Could you filter the listing for lines with the word "cases" and return them?

• GIVEN DATA
——————————
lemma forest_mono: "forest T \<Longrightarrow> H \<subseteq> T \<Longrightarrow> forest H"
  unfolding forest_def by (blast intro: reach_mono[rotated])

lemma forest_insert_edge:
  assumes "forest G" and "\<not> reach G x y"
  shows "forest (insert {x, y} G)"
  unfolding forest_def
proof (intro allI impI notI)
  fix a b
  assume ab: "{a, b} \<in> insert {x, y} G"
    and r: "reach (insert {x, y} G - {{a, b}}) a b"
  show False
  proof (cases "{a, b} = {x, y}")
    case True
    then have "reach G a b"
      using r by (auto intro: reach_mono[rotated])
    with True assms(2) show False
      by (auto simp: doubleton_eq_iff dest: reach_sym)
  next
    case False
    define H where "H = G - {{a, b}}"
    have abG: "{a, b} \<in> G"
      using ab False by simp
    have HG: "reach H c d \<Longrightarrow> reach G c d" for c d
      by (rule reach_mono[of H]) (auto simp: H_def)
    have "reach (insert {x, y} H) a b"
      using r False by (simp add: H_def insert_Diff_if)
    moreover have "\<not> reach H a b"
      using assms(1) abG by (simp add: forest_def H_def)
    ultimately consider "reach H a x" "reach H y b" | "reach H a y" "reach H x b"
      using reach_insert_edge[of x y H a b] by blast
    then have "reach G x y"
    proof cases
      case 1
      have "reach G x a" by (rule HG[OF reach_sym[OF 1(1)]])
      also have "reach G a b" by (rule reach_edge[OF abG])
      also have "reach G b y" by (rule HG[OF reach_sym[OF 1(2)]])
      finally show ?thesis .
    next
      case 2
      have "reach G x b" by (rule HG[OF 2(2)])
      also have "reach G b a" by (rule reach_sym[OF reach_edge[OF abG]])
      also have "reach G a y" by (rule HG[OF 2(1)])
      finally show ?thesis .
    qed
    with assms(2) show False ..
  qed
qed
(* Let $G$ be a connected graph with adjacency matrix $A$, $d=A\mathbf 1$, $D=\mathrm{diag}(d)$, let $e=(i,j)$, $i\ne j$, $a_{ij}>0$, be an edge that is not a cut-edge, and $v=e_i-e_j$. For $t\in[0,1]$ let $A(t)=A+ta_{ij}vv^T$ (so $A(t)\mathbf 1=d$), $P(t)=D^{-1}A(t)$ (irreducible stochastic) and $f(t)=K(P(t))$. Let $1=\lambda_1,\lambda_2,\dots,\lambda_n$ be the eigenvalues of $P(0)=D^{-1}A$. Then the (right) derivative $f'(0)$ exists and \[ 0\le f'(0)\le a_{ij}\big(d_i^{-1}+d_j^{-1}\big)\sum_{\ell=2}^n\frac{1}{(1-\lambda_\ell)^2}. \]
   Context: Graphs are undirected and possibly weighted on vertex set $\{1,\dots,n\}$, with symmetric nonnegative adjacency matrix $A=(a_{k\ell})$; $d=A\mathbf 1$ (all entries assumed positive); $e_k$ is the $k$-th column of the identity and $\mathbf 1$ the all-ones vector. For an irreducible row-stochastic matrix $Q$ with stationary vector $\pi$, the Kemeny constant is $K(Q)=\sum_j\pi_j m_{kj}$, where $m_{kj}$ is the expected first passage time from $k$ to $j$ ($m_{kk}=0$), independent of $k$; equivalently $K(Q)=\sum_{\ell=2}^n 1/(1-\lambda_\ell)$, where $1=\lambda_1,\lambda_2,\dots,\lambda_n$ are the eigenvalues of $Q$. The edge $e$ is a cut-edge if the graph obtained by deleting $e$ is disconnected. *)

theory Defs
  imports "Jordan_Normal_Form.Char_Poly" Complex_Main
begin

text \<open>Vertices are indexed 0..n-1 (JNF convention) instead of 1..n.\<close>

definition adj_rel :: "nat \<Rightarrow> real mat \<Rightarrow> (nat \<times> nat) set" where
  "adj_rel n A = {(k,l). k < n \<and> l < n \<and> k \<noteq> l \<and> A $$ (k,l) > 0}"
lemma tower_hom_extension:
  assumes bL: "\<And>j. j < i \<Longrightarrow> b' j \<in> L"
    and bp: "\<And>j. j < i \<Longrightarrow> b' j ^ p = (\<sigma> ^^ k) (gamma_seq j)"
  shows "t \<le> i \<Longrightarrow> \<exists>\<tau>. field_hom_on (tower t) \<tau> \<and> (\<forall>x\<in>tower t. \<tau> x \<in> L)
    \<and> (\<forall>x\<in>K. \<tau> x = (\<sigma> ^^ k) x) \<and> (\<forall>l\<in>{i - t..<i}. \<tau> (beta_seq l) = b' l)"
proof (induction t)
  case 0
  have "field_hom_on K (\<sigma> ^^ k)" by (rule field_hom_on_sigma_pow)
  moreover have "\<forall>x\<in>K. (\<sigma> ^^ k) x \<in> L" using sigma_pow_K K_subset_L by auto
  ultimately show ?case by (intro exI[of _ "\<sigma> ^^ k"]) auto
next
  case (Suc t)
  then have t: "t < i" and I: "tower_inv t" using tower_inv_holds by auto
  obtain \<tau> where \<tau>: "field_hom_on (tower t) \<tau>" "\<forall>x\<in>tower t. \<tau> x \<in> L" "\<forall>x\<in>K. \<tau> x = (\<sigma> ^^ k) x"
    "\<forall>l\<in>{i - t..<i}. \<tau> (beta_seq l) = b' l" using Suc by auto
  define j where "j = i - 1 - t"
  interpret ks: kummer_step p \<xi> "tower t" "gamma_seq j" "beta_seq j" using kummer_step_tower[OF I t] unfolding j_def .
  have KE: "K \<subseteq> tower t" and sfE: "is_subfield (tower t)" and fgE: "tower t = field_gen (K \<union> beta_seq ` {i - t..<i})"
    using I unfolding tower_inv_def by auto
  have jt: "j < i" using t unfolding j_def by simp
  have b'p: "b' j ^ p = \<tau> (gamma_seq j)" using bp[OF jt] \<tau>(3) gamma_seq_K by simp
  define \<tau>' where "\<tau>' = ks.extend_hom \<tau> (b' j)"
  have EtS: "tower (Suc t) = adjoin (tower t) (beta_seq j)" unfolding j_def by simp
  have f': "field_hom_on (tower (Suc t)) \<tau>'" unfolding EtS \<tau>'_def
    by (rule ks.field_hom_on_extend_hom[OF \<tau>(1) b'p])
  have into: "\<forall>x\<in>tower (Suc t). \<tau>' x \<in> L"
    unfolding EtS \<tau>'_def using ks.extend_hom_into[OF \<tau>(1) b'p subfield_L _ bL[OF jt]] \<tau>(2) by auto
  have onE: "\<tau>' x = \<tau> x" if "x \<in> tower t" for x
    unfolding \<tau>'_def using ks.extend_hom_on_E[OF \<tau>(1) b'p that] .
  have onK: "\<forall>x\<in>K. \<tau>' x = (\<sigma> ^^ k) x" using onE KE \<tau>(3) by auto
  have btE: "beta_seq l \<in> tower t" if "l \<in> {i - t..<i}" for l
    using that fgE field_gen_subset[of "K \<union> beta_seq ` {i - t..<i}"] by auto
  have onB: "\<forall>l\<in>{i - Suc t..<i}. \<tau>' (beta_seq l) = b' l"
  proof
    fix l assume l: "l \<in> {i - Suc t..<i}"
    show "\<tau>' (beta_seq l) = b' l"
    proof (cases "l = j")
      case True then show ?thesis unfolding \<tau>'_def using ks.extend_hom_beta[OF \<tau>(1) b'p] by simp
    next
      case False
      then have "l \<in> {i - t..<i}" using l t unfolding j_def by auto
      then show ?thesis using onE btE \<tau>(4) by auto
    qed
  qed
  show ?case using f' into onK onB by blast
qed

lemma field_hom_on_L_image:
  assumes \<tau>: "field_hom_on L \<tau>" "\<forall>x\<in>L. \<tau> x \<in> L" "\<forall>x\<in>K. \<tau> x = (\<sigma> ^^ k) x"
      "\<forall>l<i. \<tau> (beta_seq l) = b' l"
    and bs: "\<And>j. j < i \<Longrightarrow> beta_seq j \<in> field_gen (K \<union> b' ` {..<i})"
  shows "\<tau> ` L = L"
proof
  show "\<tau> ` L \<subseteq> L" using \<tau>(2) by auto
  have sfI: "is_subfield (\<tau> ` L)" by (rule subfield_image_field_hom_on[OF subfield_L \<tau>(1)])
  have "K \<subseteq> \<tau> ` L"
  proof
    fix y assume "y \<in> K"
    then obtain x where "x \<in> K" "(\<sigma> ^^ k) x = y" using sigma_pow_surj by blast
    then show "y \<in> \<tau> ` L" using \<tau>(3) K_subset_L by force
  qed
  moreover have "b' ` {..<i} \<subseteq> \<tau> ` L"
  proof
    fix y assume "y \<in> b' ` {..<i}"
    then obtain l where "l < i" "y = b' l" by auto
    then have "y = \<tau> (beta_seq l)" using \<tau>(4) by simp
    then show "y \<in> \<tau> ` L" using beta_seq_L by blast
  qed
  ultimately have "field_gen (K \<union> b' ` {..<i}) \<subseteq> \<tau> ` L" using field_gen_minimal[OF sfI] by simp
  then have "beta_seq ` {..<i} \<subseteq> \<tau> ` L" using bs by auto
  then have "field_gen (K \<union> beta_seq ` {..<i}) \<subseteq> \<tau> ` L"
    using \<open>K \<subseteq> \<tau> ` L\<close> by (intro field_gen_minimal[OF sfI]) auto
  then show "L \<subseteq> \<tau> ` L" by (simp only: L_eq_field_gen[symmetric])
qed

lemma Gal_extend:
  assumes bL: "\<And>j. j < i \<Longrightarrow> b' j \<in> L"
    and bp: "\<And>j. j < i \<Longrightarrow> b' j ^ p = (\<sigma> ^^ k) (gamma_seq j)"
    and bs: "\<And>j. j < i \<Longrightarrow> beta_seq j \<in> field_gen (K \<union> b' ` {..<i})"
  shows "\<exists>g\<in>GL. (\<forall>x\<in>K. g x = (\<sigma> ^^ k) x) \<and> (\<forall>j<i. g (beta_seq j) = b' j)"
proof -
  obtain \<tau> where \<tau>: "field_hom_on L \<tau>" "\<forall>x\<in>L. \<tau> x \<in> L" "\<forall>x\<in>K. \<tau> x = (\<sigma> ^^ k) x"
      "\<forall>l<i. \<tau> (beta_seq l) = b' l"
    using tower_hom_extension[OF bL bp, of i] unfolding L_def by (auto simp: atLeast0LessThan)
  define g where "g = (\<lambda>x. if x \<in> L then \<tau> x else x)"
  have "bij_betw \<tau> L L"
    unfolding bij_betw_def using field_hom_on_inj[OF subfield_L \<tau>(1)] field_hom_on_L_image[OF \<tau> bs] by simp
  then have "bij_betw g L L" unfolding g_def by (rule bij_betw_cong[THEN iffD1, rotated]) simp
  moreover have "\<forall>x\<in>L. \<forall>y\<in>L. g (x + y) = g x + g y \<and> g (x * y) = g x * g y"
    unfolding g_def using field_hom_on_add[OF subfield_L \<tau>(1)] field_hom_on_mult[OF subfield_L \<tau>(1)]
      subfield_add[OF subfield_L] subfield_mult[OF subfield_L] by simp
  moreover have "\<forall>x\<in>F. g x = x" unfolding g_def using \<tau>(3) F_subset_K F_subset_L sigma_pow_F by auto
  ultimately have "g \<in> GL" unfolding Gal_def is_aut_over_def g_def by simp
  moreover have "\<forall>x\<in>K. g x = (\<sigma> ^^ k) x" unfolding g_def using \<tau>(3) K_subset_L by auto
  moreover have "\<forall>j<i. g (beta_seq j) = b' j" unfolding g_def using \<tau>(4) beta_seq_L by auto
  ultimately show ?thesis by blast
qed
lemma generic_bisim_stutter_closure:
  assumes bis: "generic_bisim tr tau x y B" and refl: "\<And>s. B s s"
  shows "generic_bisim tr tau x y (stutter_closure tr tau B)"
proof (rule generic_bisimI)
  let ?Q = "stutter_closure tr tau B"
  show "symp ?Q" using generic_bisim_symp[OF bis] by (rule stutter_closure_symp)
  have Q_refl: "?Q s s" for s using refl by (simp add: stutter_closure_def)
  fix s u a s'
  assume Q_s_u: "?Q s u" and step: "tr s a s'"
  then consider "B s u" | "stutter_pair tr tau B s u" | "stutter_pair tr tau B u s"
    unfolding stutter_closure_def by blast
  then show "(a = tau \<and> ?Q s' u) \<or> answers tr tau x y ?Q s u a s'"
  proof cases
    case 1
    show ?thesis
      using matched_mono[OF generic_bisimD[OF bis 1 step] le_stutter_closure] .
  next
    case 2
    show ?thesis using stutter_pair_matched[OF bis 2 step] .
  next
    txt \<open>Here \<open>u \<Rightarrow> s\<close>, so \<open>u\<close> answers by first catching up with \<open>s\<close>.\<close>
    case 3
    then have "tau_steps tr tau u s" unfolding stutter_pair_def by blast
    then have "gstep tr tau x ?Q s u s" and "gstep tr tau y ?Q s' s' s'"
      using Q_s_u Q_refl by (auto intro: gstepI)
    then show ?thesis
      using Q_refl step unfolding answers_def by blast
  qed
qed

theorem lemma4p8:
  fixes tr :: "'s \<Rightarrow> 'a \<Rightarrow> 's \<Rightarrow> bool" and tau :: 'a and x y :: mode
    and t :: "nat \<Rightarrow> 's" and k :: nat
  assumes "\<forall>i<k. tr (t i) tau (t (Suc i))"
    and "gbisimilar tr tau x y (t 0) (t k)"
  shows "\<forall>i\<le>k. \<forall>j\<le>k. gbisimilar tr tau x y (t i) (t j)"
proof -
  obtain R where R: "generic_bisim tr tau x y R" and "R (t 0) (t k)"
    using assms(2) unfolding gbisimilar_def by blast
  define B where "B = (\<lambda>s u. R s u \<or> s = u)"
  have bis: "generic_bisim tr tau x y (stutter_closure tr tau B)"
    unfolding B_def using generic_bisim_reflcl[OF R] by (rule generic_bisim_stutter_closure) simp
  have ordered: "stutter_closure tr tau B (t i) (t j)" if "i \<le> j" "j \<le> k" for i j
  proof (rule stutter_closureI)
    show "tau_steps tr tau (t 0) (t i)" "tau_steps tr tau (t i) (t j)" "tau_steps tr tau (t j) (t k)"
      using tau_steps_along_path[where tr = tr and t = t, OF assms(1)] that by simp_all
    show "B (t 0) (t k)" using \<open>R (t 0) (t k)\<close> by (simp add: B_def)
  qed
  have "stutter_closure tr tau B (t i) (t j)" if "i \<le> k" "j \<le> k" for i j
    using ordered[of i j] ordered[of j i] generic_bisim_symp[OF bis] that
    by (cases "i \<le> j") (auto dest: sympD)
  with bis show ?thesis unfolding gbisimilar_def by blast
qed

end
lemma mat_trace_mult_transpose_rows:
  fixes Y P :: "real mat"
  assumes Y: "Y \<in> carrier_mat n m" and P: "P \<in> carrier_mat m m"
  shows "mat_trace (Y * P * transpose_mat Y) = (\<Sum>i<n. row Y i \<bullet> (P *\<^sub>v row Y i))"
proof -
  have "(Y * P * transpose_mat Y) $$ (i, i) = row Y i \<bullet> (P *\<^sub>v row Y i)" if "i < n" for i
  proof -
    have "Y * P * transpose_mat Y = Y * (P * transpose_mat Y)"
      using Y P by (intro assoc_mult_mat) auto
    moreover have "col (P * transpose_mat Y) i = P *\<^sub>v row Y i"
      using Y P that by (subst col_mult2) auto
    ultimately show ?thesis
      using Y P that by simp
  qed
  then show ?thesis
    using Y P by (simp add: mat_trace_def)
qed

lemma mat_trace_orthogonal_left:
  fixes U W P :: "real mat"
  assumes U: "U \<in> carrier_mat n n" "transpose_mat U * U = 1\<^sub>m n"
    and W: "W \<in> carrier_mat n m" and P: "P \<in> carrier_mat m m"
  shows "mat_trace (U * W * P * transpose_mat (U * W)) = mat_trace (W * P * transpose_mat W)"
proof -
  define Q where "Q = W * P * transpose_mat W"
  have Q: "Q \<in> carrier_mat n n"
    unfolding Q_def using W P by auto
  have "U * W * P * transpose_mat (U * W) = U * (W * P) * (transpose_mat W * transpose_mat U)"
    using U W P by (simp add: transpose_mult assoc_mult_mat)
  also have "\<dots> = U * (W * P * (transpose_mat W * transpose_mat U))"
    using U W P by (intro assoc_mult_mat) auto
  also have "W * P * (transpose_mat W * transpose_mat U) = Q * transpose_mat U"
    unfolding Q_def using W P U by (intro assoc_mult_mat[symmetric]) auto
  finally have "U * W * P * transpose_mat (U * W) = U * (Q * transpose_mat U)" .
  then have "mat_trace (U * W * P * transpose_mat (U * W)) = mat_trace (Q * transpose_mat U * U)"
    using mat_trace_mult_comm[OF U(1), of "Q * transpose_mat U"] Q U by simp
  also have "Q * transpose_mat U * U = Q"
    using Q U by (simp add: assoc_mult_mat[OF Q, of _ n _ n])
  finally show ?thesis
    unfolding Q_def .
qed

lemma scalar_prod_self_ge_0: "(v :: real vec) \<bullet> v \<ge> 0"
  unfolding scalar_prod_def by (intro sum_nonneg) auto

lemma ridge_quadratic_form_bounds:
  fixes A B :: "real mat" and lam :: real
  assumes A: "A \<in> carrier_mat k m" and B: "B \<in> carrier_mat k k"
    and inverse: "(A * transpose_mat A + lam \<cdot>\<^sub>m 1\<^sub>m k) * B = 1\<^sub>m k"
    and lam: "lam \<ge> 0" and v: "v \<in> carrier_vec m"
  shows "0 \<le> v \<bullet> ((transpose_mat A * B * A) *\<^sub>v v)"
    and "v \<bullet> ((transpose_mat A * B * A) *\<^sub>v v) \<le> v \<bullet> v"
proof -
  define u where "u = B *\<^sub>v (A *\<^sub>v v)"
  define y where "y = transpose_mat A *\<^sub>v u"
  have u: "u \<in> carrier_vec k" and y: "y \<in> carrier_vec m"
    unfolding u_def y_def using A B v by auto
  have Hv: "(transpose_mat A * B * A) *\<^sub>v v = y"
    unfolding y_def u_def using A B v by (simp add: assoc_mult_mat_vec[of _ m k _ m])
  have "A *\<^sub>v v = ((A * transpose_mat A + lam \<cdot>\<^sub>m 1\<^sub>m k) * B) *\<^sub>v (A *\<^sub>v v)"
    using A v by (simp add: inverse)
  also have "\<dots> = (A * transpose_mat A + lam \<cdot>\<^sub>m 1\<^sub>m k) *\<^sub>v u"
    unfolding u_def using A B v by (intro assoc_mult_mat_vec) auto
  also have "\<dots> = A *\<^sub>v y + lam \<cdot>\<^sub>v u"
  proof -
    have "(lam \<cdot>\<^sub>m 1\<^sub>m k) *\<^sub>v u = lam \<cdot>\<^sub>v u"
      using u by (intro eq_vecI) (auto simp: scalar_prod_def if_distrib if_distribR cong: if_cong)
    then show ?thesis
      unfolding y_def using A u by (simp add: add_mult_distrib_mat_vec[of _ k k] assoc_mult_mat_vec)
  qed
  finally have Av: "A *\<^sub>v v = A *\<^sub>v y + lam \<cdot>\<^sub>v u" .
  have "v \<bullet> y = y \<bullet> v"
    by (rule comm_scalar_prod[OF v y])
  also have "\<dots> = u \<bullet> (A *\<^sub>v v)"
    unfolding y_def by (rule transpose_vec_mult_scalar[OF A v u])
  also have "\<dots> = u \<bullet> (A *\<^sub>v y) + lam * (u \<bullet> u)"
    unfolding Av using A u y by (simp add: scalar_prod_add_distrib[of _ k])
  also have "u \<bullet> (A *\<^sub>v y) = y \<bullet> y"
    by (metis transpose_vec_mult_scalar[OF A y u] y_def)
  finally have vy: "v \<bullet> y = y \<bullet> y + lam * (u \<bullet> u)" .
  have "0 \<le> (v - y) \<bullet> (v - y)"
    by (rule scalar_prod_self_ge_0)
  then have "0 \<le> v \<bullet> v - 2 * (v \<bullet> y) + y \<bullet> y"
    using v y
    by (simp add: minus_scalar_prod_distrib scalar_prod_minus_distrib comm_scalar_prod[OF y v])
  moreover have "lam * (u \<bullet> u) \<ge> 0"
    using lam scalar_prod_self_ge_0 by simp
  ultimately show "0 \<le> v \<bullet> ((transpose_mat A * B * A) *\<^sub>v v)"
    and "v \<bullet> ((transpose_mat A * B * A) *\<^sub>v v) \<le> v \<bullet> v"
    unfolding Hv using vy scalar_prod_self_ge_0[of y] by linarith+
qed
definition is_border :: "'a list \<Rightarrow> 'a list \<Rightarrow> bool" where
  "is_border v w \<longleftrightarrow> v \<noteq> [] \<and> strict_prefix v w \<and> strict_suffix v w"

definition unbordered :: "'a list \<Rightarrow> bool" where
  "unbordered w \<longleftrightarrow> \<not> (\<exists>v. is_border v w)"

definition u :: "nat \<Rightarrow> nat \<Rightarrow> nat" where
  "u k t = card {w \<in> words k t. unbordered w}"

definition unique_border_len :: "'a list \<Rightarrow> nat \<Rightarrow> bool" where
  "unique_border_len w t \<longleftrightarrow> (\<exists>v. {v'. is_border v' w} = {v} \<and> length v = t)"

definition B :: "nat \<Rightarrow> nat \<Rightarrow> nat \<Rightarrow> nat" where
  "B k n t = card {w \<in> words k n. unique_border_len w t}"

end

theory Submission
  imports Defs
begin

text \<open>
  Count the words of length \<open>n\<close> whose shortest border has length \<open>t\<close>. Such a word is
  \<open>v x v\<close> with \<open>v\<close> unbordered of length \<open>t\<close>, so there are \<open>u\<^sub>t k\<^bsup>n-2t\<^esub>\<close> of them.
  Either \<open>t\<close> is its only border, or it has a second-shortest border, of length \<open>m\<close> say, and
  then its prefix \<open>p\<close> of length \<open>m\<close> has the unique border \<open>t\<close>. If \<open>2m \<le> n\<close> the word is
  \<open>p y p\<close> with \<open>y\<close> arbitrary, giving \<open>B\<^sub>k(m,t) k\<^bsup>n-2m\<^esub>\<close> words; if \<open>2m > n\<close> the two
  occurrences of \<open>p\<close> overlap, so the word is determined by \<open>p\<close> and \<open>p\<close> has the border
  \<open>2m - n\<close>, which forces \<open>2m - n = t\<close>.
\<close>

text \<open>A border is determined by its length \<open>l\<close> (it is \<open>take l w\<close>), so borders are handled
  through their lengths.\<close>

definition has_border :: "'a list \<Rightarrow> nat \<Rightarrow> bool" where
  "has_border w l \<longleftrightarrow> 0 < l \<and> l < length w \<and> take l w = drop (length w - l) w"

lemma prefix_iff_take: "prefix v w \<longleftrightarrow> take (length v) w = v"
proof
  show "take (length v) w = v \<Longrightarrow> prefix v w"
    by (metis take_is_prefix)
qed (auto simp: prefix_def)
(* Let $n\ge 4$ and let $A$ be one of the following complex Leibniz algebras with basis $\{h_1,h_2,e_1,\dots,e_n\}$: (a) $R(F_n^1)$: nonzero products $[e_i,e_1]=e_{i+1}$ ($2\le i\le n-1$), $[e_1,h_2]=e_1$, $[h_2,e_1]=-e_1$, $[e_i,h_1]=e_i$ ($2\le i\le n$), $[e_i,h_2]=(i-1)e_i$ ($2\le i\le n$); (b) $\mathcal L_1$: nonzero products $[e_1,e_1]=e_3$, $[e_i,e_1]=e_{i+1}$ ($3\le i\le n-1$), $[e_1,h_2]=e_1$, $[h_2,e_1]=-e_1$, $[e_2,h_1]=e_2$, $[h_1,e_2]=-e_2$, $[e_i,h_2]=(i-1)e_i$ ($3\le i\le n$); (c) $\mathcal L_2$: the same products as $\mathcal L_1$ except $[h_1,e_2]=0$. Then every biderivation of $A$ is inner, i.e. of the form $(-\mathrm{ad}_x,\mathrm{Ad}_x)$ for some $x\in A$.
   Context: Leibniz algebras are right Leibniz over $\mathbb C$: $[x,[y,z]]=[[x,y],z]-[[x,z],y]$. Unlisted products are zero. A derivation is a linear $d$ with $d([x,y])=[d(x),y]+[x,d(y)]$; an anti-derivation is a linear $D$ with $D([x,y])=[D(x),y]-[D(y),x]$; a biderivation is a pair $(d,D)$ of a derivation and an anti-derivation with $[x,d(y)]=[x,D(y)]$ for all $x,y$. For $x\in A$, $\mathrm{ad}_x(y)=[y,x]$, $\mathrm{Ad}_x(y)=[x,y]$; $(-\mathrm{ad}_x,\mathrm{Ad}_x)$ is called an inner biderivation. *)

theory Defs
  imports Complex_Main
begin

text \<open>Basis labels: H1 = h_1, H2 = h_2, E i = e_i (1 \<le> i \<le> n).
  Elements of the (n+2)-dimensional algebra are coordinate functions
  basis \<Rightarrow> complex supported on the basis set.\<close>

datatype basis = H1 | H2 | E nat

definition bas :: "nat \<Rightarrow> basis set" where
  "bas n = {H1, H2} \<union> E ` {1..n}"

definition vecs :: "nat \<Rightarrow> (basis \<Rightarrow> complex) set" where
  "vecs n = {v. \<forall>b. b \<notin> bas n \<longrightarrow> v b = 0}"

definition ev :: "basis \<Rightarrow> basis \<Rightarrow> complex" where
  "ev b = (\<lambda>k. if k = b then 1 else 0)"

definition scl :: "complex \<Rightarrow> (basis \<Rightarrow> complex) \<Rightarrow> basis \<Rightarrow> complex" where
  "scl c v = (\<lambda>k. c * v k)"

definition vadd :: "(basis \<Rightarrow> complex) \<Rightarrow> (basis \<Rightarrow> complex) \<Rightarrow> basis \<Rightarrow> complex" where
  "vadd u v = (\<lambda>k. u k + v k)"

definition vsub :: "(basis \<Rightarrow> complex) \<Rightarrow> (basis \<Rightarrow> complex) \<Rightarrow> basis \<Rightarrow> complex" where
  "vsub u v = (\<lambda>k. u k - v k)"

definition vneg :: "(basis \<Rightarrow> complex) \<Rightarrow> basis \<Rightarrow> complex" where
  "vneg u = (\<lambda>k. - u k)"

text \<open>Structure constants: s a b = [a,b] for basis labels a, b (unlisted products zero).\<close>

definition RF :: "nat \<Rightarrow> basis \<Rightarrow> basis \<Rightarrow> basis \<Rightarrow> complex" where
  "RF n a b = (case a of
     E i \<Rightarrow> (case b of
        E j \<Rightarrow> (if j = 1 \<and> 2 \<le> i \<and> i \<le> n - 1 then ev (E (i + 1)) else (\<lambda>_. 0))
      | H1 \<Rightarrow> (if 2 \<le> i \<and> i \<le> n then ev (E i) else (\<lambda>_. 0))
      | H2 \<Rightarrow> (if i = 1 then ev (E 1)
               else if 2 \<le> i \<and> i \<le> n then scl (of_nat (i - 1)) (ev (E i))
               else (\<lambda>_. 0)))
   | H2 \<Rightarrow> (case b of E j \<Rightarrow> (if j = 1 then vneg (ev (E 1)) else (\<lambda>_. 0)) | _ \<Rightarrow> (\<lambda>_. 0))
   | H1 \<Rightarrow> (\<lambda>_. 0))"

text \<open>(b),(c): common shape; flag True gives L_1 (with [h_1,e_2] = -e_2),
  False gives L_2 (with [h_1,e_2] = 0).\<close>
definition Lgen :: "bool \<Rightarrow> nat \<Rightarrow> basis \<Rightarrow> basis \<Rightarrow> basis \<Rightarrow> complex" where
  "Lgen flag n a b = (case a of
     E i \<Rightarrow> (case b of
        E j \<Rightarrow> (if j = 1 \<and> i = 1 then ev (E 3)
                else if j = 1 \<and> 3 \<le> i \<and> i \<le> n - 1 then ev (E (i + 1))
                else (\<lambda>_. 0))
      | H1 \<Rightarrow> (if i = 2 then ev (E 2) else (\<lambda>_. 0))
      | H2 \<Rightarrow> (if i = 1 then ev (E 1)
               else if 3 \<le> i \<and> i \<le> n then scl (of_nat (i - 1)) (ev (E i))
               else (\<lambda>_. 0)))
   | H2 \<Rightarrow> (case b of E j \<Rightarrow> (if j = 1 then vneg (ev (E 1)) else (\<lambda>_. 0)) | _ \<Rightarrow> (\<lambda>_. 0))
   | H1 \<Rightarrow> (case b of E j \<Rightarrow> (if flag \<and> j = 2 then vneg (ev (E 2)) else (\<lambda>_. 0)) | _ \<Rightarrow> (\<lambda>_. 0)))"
——————————
• RESPONSE BELOW
  proof (cases "{a, b} = {x, y}")
    proof cases
    proof (cases "l = j")
  proof cases
    by (cases "i \<le> j") (auto dest: sympD)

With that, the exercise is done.